In some recent test runs, someone found a crash (actually several crashes)
when testing Exchange 2000 on top of an NTFS volume that was, in turn, using
a non-standard storage device (fast, but non-standard.) In analyzing this
crash I found the following code sequence leading up to the crash:
ntkrnlmp!IopfCompleteRequest+108
8041da28 8b7e0c mov edi,[esi+0xc]
8041da2b 6840c44680 push 0x8046c440
8041da30 83caff or edx,0xffffffff
8041da33 8d4f0c lea ecx,[edi+0xc]
8041da36 e8314e0400 call ntkrnlmp!ExfInterlockedAddUlong (8046286c)
<<<<<<<<<<<< Call preceeding location of the crash.
8041da3b 8bd8 mov ebx,eax
8041da3d 8b4750 mov eax,[edi+0x50] <<<<<<<<<<<<<<<<<<< Location of the crash
The code leading up to the crash is decrementing the count in the master IRP
(that’s what is in the EDI register - the address of the master IRP.)
Initially I thought it was some sort of problem with the IRP, but the crash
didn’t occur when the interlocked add was performed (which is really a funky
interlocked decrement.)
The “mov ebx,eax” is just storing away the return value from
ExfInterlockedAddUlong (which is the OLD value of the Master IRP’s count
field.) The 0x50 appears to refer to Tail.Overlay.Thread (there are other
fields here, but they relate to the APC, and that doesn’t seem applicable
here.) The trap frame tells yet more of the story:
1: kd> .trap f7474c8c
eax=00000002 ebx=00000002 ecx=a5889e9c edx=8046c440 esi=85b24b28
edi=a5889e90
eip=8041da3d esp=f7474d00 ebp=85b24cb8 iopl=0 nv up ei ng nz na po nc
vip=0 vif=0
cs=0008 ss=0010 ds=0023 es=0023 fs=0030 gs=0000 efl=00010286
ErrCode = 00000000
8041da3d 8b4750 mov eax,[edi+0x50]
The EAX register contains 2 - indicating that this decrement was NOT the
last one, it was the “next to the last one”. The EDI register points to
invalid memory at this point - even though EDI+0xC (which is on the same
page) was valid two instructions earlier.
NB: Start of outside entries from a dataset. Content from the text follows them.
lemma closed_walk_mono:
  "closed_walk H' Ed' eps W \<Longrightarrow> H' \<subseteq> H \<Longrightarrow> Ed' \<subseteq> Ed \<Longrightarrow> closed_walk H Ed eps W"
  unfolding closed_walk_def by blast

lemma sigma_eq_0_if_not_edge:
  "closed_walk H Ed eps W \<Longrightarrow> e \<notin> Ed \<Longrightarrow> sigma tail W e = 0"
  unfolding closed_walk_def sigma_def by (intro sum.neutral) auto

lemma sigma_eq_0_if_not_traversed:
  "e \<notin> traversed_edges W \<Longrightarrow> sigma tail W e = 0"
  unfolding traversed_edges_def sigma_def by (intro sum.neutral) auto

lemma finite_traversed_edges: "finite (traversed_edges W)"
proof -
  have "traversed_edges W = walk_edge W ` {..<length W}"
    unfolding traversed_edges_def by auto
  then show ?thesis by simp
qed

lemma sum_lessThan_rotate:
  fixes g :: "nat \<Rightarrow> 'a::comm_monoid_add"
  shows "(\<Sum>i<n. g ((i + 1) mod n)) = (\<Sum>i<n. g i)"
proof (cases n)
  case (Suc m)
  have "(\<Sum>i<Suc m. g ((i + 1) mod Suc m)) = (\<Sum>i<m. g (Suc i)) + g 0"
    by (simp add: mod_Suc)
  also have "\<dots> = (\<Sum>i<Suc m. g i)"
    by (subst sum.lessThan_Suc_shift) (simp add: add.commute)
  finally show ?thesis using Suc by simp
qed simp
lemma power_diff_in_ideal_pow_Suc:
  assumes I: "is_ideal I" and q: "of_nat q \<in> I" and k: "k \<ge> 1"
    and ab: "a - b \<in> ideal_pow I k"
  shows "a ^ q - b ^ q \<in> ideal_pow I (Suc k)"
proof -
  define S where "S = (\<Sum>i<q. b ^ (q - Suc i) * a ^ i)"
  have "a - b \<in> I"
    using ab ideal_pow_antimono[OF k] ideal_pow_Suc_0[OF I] by (auto simp: One_nat_def)
  then have "a ^ i - b ^ i \<in> I" for i
    using power_diff_sumr2[of a i b] ideal_mult_right_closed[OF I] by metis
  then have "(\<Sum>i<q. b ^ (q - Suc i) * (a ^ i - b ^ i)) \<in> I"
    by (simp add: ideal_sum_closed[OF I] ideal_mult_left_closed[OF I])
  moreover have "(\<Sum>i<q. b ^ (q - Suc i) * (a ^ i - b ^ i)) = (\<Sum>i<q. b ^ (q - Suc i) * a ^ i - b ^ (q - 1))"
    by (rule sum.cong) (simp_all add: right_diff_distrib flip: power_add)
  ultimately have "S - of_nat q * b ^ (q - 1) \<in> I"
    by (simp add: S_def sum_subtractf)
  then have "S \<in> I"
    using ideal_add_closed[OF I _ ideal_mult_right_closed[OF I q], of _ "b ^ (q - 1)"] by fastforce
  moreover have "a ^ q - b ^ q = S * (a - b)"
    by (simp add: S_def power_diff_sumr2 mult.commute)
  ultimately show ?thesis
    using ideal_pow_mult[OF _ ab] by simp
qed

lemma hom_diff_in_ideal_pow_Suc_on_span:
  assumes I: "is_ideal I" and F: "is_ring_hom F" and G: "is_ring_hom G"
    and agree: "\<And>x. x \<in> X \<Longrightarrow> F x = G x" and GX: "G ` X \<subseteq> I"
    and diff: "\<And>y. F y - G y \<in> ideal_pow I k"
    and r: "r \<in> ideal_span X"
  shows "F r - G r \<in> ideal_pow I (Suc k)"
proof -
  let ?T = "{r. F r - G r \<in> ideal_pow I (Suc k) \<and> G r \<in> I}"
  note P = is_ideal_ideal_pow[of I "Suc k"]
  have "is_ideal ?T"
    unfolding is_ideal_def
  proof (intro conjI ballI allI)
    show "0 \<in> ?T"
      by (simp add: ring_hom_0[OF F] ring_hom_0[OF G] ideal_0[OF I] ideal_0[OF P])
  next
    fix x y
    assume x: "x \<in> ?T" and y: "y \<in> ?T"
    have "(F x - G x) + (F y - G y) \<in> ideal_pow I (Suc k)"
      using x y ideal_add_closed[OF P] by blast
    moreover have "G x + G y \<in> I"
      using x y ideal_add_closed[OF I] by blast
    ultimately show "x + y \<in> ?T"
      by (simp add: ring_hom_add[OF F] ring_hom_add[OF G] algebra_simps)
  next
    fix s x
    assume "x \<in> ?T"
    moreover have "F (s * x) - G (s * x) = F s * (F x - G x) + G x * (F s - G s)"
      by (simp add: ring_hom_mult[OF F] ring_hom_mult[OF G] algebra_simps)
    ultimately show "s * x \<in> ?T"
      using diff[of s] by (simp add: ring_hom_mult[OF G] ideal_add_closed[OF P] ideal_mult_left_closed[OF P]
          ideal_mult_left_closed[OF I] ideal_pow_mult)
  qed
  moreover have "X \<subseteq> ?T"
    using agree GX ideal_0[OF P] by auto
  ultimately show ?thesis
    using r ideal_span_least by blast
qed

lemma hom_diff_in_ideal_pow_Suc:
  assumes I: "is_ideal I" and q: "of_nat q \<in> I"
    and F: "is_ring_hom F" and G: "is_ring_hom G"
    and agree: "\<And>x. x \<in> X \<Longrightarrow> F x = G x" and GX: "G ` X \<subseteq> I"
    and k: "k \<ge> 1" and diff: "\<And>y. F y - G y \<in> ideal_pow I k"
    and z: "z - x ^ q \<in> ideal_span X"
  shows "F z - G z \<in> ideal_pow I (Suc k)"
proof -
  have "F z - G z = (F (z - x ^ q) - G (z - x ^ q)) + (F x ^ q - G x ^ q)"
    by (simp add: ring_hom_diff[OF F] ring_hom_diff[OF G] ring_hom_power[OF F] ring_hom_power[OF G])
  also have "\<dots> \<in> ideal_pow I (Suc k)"
    using hom_diff_in_ideal_pow_Suc_on_span[OF I F G agree GX diff z]
      power_diff_in_ideal_pow_Suc[OF I q k diff]
    by (rule ideal_add_closed[OF is_ideal_ideal_pow])
  finally show ?thesis .
qed

lemma complete_eqI:
  assumes "is_complete I" and "\<And>k. a - b \<in> ideal_pow I k"
  shows "a = b"
proof -
  have "a - b \<in> (\<Inter>k. ideal_pow I k)"
    using assms(2) by blast
  also have "(\<Inter>k. ideal_pow I k) = {0}"
    using assms(1) by (simp add: is_complete_def)
  finally show ?thesis
    by simp
qed

lemma complete_pointwise_limit:
  assumes "is_complete I" and "\<And>k x. M (Suc k) x - M k x \<in> ideal_pow I k"
  obtains L where "\<And>k x. L x - M k x \<in> ideal_pow I k"
proof -
  have "\<exists>l. \<forall>k. l - M k x \<in> ideal_pow I k" for x
    using assms unfolding is_complete_def by (auto dest: spec[where x = "\<lambda>k. M k x"])
  then show ?thesis
    using that choice[of "\<lambda>x l. \<forall>k. l - M k x \<in> ideal_pow I k"] by blast
qed

lemma ring_hom_limit:
  assumes I: "is_complete I" and M: "\<And>k. is_ring_hom (M k)"
    and L: "\<And>k x. L x - M k x \<in> ideal_pow I k"
  shows "is_ring_hom L"
  unfolding is_ring_hom_def
proof (intro conjI allI)
  note P = is_ideal_ideal_pow[of I]
  have "L 1 - 1 \<in> ideal_pow I k" for k
    using L[of 1 k] by (simp add: ring_hom_1[OF M])
  then show "L 1 = 1"
    by (rule complete_eqI[OF I])
  fix x y
  show "L (x + y) = L x + L y"
  proof (rule complete_eqI[OF I])
    fix k
    have "L (x + y) - (L x + L y) = (L (x + y) - M k (x + y)) - (L x - M k x) - (L y - M k y)"
      by (simp add: ring_hom_add[OF M] algebra_simps)
    also have "\<dots> \<in> ideal_pow I k"
      by (rule ideal_diff_closed[OF P ideal_diff_closed[OF P L L] L])
    finally show "L (x + y) - (L x + L y) \<in> ideal_pow I k" .
  qed
  show "L (x * y) = L x * L y"
  proof (rule complete_eqI[OF I])
    fix k
    have "L (x * y) - L x * L y = (L (x * y) - M k (x * y)) - M k x * (L y - M k y) - L y * (L x - M k x)"
      by (simp add: ring_hom_mult[OF M] algebra_simps)
    also have "\<dots> \<in> ideal_pow I k"
      by (rule ideal_diff_closed[OF P ideal_diff_closed[OF P L ideal_mult_left_closed[OF P L]]
            ideal_mult_left_closed[OF P L]])
    finally show "L (x * y) - L x * L y \<in> ideal_pow I k" .
  qed
qed

locale Frobenius_lifting =
  fixes q :: nat
    and IA :: "'a::comm_ring_1 set" and \<psi>A :: "'a \<Rightarrow> 'a"
    and IR :: "'r::comm_ring_1 set" and \<psi>R :: "'r \<Rightarrow> 'r"
    and IS :: "'s::comm_ring_1 set" and \<psi>S :: "'s \<Rightarrow> 's"
    and \<iota>R :: "'a \<Rightarrow> 'r" and \<iota>S :: "'a \<Rightarrow> 's"
  assumes ideal_IS: "is_ideal IS" and q_in_IS: "of_nat q \<in> IS"
    and ring_hom_\<psi>R: "is_ring_hom \<psi>R" and ring_hom_\<psi>S: "is_ring_hom \<psi>S"
    and \<psi>R_Frobenius: "\<psi>R x - x ^ q \<in> IR" and \<psi>S_Frobenius: "\<psi>S y - y ^ q \<in> IS"
    and IR_eq: "IR = ideal_span (\<iota>R ` IA)" and \<iota>S_IA: "\<iota>S ` IA \<subseteq> IS"
    and \<iota>R_comm: "\<iota>R \<circ> \<psi>A = \<psi>R \<circ> \<iota>R" and \<iota>S_comm: "\<iota>S \<circ> \<psi>A = \<psi>S \<circ> \<iota>S"
    and complete_IS: "is_complete IS" and perfect_IS: "is_perfect IS \<psi>S"
begin

definition twist :: "('r \<Rightarrow> 's) \<Rightarrow> 'r \<Rightarrow> 's" where
  "twist F = inv \<psi>S \<circ> F \<circ> \<psi>R"

lemma \<psi>S_inv: "\<psi>S (inv \<psi>S y) = y" and inv_\<psi>S: "inv \<psi>S (\<psi>S y) = y"
  using perfect_IS by (simp_all add: is_perfect_def bij_is_surj surj_f_inv_f bij_is_inj)

lemma ring_hom_inv_\<psi>S: "is_ring_hom (inv \<psi>S)"
  using ring_hom_inv[OF ring_hom_\<psi>S] perfect_IS by (simp add: is_perfect_def)

lemma inv_\<psi>S_ideal_pow: "y \<in> ideal_pow IS k \<Longrightarrow> inv \<psi>S y \<in> ideal_pow IS k"
  using perfect_image_ideal_pow[OF ring_hom_inv_\<psi>S perfect_inv[OF perfect_IS]] by blast

lemma \<psi>S_ideal_pow: "y \<in> ideal_pow IS k \<Longrightarrow> \<psi>S y \<in> ideal_pow IS k"
  using perfect_image_ideal_pow[OF ring_hom_\<psi>S perfect_IS] by blast

lemma twist_eq_self: "F \<circ> \<psi>R = \<psi>S \<circ> F \<Longrightarrow> twist F = F"
  by (simp add: twist_def fun_eq_iff inv_\<psi>S)

lemma ring_hom_twist: "is_ring_hom F \<Longrightarrow> is_ring_hom (twist F)"
  unfolding twist_def by (intro ring_hom_comp ring_hom_inv_\<psi>S ring_hom_\<psi>R)

lemma twist_comp_\<iota>R:
  assumes "F \<circ> \<iota>R = \<iota>S"
  shows "twist F \<circ> \<iota>R = \<iota>S"
proof
  fix a
  have "F (\<psi>R (\<iota>R a)) = \<psi>S (\<iota>S a)"
    using assms fun_cong[OF \<iota>R_comm, of a] fun_cong[OF \<iota>S_comm, of a] by (metis comp_apply)
  then show "(twist F \<circ> \<iota>R) a = \<iota>S a"
    by (simp add: twist_def inv_\<psi>S)
qed

lemma image_IR_subset:
  assumes "is_ring_hom \<mu>" and "\<mu> \<circ> \<iota>R = \<iota>S"
  shows "\<mu> ` IR \<subseteq> IS"
proof -
  have "\<mu> ` IR \<subseteq> ideal_span (\<mu> ` \<iota>R ` IA)"
    unfolding IR_eq by (rule ring_hom_image_ideal_span[OF assms(1)])
  also have "\<mu> ` \<iota>R ` IA = \<iota>S ` IA"
    using assms(2) by (simp add: image_comp)
  also have "ideal_span (\<iota>S ` IA) \<subseteq> IS"
    by (rule ideal_span_least[OF ideal_IS \<iota>S_IA])
  finally show ?thesis .
qed

lemma twist_diff_in_IS:
  assumes \<mu>: "is_ring_hom \<mu>" "\<mu> \<circ> \<iota>R = \<iota>S"
  shows "twist \<mu> x - \<mu> x \<in> IS"
proof -
  note \<mu>_IR = image_IR_subset[OF \<mu>]
  have "\<mu> (\<psi>R x) - \<psi>S (\<mu> x) = \<mu> (\<psi>R x - x ^ q) - (\<psi>S (\<mu> x) - \<mu> x ^ q)"
    by (simp add: ring_hom_diff[OF \<mu>(1)] ring_hom_power[OF \<mu>(1)])
  also have "\<dots> \<in> IS"
    by (rule ideal_diff_closed[OF ideal_IS _ \<psi>S_Frobenius]) (use \<mu>_IR \<psi>R_Frobenius in blast)
  finally have "inv \<psi>S (\<mu> (\<psi>R x) - \<psi>S (\<mu> x)) \<in> IS"
    using inv_\<psi>S_ideal_pow[of _ "Suc 0"] by (simp add: ideal_pow_Suc_0[OF ideal_IS])
  then show ?thesis
    by (simp add: twist_def ring_hom_diff[OF ring_hom_inv_\<psi>S] inv_\<psi>S)
qed

lemma twist_contraction:
  assumes F: "is_ring_hom F" "F \<circ> \<iota>R = \<iota>S" and G: "is_ring_hom G" "G \<circ> \<iota>R = \<iota>S"
    and k: "k \<ge> 1" and diff: "\<And>y. F y - G y \<in> ideal_pow IS k"
  shows "twist F x - twist G x \<in> ideal_pow IS (Suc k)"
proof -
  have "F (\<psi>R x) - G (\<psi>R x) \<in> ideal_pow IS (Suc k)"
    using F G \<iota>S_IA \<psi>R_Frobenius[of x] unfolding IR_eq
    by (intro hom_diff_in_ideal_pow_Suc[OF ideal_IS q_in_IS _ _ _ _ k diff])
      (auto simp: fun_eq_iff image_comp)
  then show ?thesis
    by (simp add: twist_def inv_\<psi>S_ideal_pow flip: ring_hom_diff[OF ring_hom_inv_\<psi>S])
qed

lemma equivariant_hom_eqI:
  assumes F: "is_ring_hom F" "F \<circ> \<iota>R = \<iota>S" "F \<circ> \<psi>R = \<psi>S \<circ> F"
    and G: "is_ring_hom G" "G \<circ> \<iota>R = \<iota>S" "G \<circ> \<psi>R = \<psi>S \<circ> G"
    and diff: "\<And>x. F x - G x \<in> IS"
  shows "F = G"
proof -
  have congruent: "F x - G x \<in> ideal_pow IS k" if "k \<ge> 1" for k x
    using that
  proof (induct k arbitrary: x rule: nat_induct_at_least)
    case base
    then show ?case
      using diff by (simp add: ideal_pow_Suc_0[OF ideal_IS])
  next
    case (Suc k)
    then show ?case
      using twist_contraction[OF F(1,2) G(1,2) Suc.hyps(1)] twist_eq_self[OF F(3)] twist_eq_self[OF G(3)]
      by metis
  qed
  have "F x - G x \<in> ideal_pow IS k" for k x
    using congruent[of "Suc k" x] ideal_pow_Suc_subset by auto
  then show ?thesis
    by (auto intro: complete_eqI[OF complete_IS])
qed

lemma twist_iterates:
  assumes "is_ring_hom \<mu>" and "\<mu> \<circ> \<iota>R = \<iota>S"
  shows "is_ring_hom ((twist ^^ k) \<mu>)" and "(twist ^^ k) \<mu> \<circ> \<iota>R = \<iota>S"
  by (induct k) (simp_all add: assms ring_hom_twist twist_comp_\<iota>R)

lemma twist_iterates_Cauchy:
  assumes \<mu>: "is_ring_hom \<mu>" "\<mu> \<circ> \<iota>R = \<iota>S"
  shows "(twist ^^ Suc k) \<mu> x - (twist ^^ k) \<mu> x \<in> ideal_pow IS (Suc k)"
proof -
  note hom = twist_iterates(1)[OF \<mu>] and comp = twist_iterates(2)[OF \<mu>]
  show ?thesis
  proof (induct k arbitrary: x)
    case 0
    then show ?case
      using twist_diff_in_IS[OF \<mu>] by (simp add: ideal_pow_Suc_0[OF ideal_IS])
  next
    case (Suc k)
    then show ?case
      using twist_contraction[OF hom[of "Suc k"] comp[of "Suc k"] hom[of k] comp[of k] _ Suc.hyps] by simp
  qed
qed

lemma limit_of_twist_iterates_equivariant:
  assumes L: "\<And>k x. L x - (twist ^^ k) \<mu> x \<in> ideal_pow IS k"
  shows "L \<circ> \<psi>R = \<psi>S \<circ> L"
proof
  fix x
  show "(L \<circ> \<psi>R) x = (\<psi>S \<circ> L) x"
  proof (simp, rule complete_eqI[OF complete_IS])
    fix k
    have "L (\<psi>R x) - \<psi>S (L x) = (L (\<psi>R x) - (twist ^^ k) \<mu> (\<psi>R x)) - \<psi>S (L x - (twist ^^ Suc k) \<mu> x)"
      by (simp add: ring_hom_diff[OF ring_hom_\<psi>S] twist_def \<psi>S_inv)
    also have "\<dots> \<in> ideal_pow IS k"
      using \<psi>S_ideal_pow[OF subsetD[OF ideal_pow_Suc_subset L]]
      by (rule ideal_diff_closed[OF is_ideal_ideal_pow L])
    finally show "L (\<psi>R x) - \<psi>S (L x) \<in> ideal_pow IS k" .
  qed
qed

lemma lift_exists:
  assumes \<mu>: "is_ring_hom \<mu>" "\<mu> \<circ> \<iota>R = \<iota>S"
  obtains L where "is_mor IR \<psi>R IS \<psi>S L" and "L \<circ> \<iota>R = \<iota>S" and "\<And>x. L x - \<mu> x \<in> IS"
proof -
  let ?M = "\<lambda>k. (twist ^^ k) \<mu>"
  have Cauchy: "?M (Suc k) x - ?M k x \<in> ideal_pow IS (Suc k)" for k x
    by (rule twist_iterates_Cauchy[OF \<mu>])
  then have "?M (Suc k) x - ?M k x \<in> ideal_pow IS k" for k x
    using ideal_pow_Suc_subset by blast
  then obtain L where L: "\<And>k x. L x - ?M k x \<in> ideal_pow IS k"
    by (rule complete_pointwise_limit[where M = ?M, OF complete_IS]) blast
  have L_\<mu>: "L x - \<mu> x \<in> IS" for x
  proof -
    have "L x - \<mu> x = (L x - ?M (Suc 0) x) + (?M (Suc 0) x - ?M 0 x)"
      by simp
    also have "\<dots> \<in> ideal_pow IS (Suc 0)"
      by (rule ideal_add_closed[OF is_ideal_ideal_pow L Cauchy])
    finally show ?thesis
      by (simp add: ideal_pow_Suc_0[OF ideal_IS])
  qed
  have "L (\<iota>R a) = \<iota>S a" for a
  proof (rule complete_eqI[OF complete_IS])
    fix k
    have "L (\<iota>R a) - ?M k (\<iota>R a) \<in> ideal_pow IS k"
      by (rule L)
    then show "L (\<iota>R a) - \<iota>S a \<in> ideal_pow IS k"
      using fun_cong[OF twist_iterates(2)[OF \<mu>, of k], of a] by simp
  qed
  moreover have "L x \<in> IS" if "x \<in> IR" for x
  proof -
    have "(L x - \<mu> x) + \<mu> x \<in> IS"
      using ideal_add_closed[OF ideal_IS L_\<mu>] image_IR_subset[OF \<mu>] that by blast
    then show ?thesis
      by simp
  qed
  ultimately have "is_mor IR \<psi>R IS \<psi>S L" and "L \<circ> \<iota>R = \<iota>S"
    using ring_hom_limit[OF complete_IS twist_iterates(1)[OF \<mu>] L] limit_of_twist_iterates_equivariant[OF L]
    by (auto simp: is_mor_def)
  then show ?thesis
    using that L_\<mu> by blast
qed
I poked at the other CPU and
noticed it was in the same general code path, which then led me to begin
wondering if this were a race condition; all of the subsequent analysis
seems to bear this out - it is a VERY narrow race condition. I checked in
XP and the same code sequence is still there, so this is even a current race
condition (unless it has been fixed very recently.)
It looks to me like the race is that the I/O Manager uses the master IRP
after it decrements the reference count. From a “strict” standpoint this
should be a no-no, since decrementing the reference count means you aren’t
going to use the pointer anymore. Thus, using the pointer AFTER
decrementing the reference count would seem to be a bona fide bug.
This shows up (of course) when running the driver verifier, typically after
running > 24 hours in this exchange test scenario. I suspect that the race
condition is sufficiently rare that this bug would probably almost NEVER
show up when driver verifier was OFF (since the memory would still be
“valid”.)
But, the point of this note is to ask if anyone else has seen this problem.
I’ve reported my suspicions to Microsoft (and I think the fix is really
simple - if you really need to use the master IRP, do so BEFORE the
decrement, not after it) but I’m looking for potential independent
confirmation.
Thanks!
Tony Mason
Consulting Partner
OSR Open Systems Resources, Inc.
http://www.osr.com
You are currently subscribed to ntfsd as: $subst(‘Recip.EmailAddr’)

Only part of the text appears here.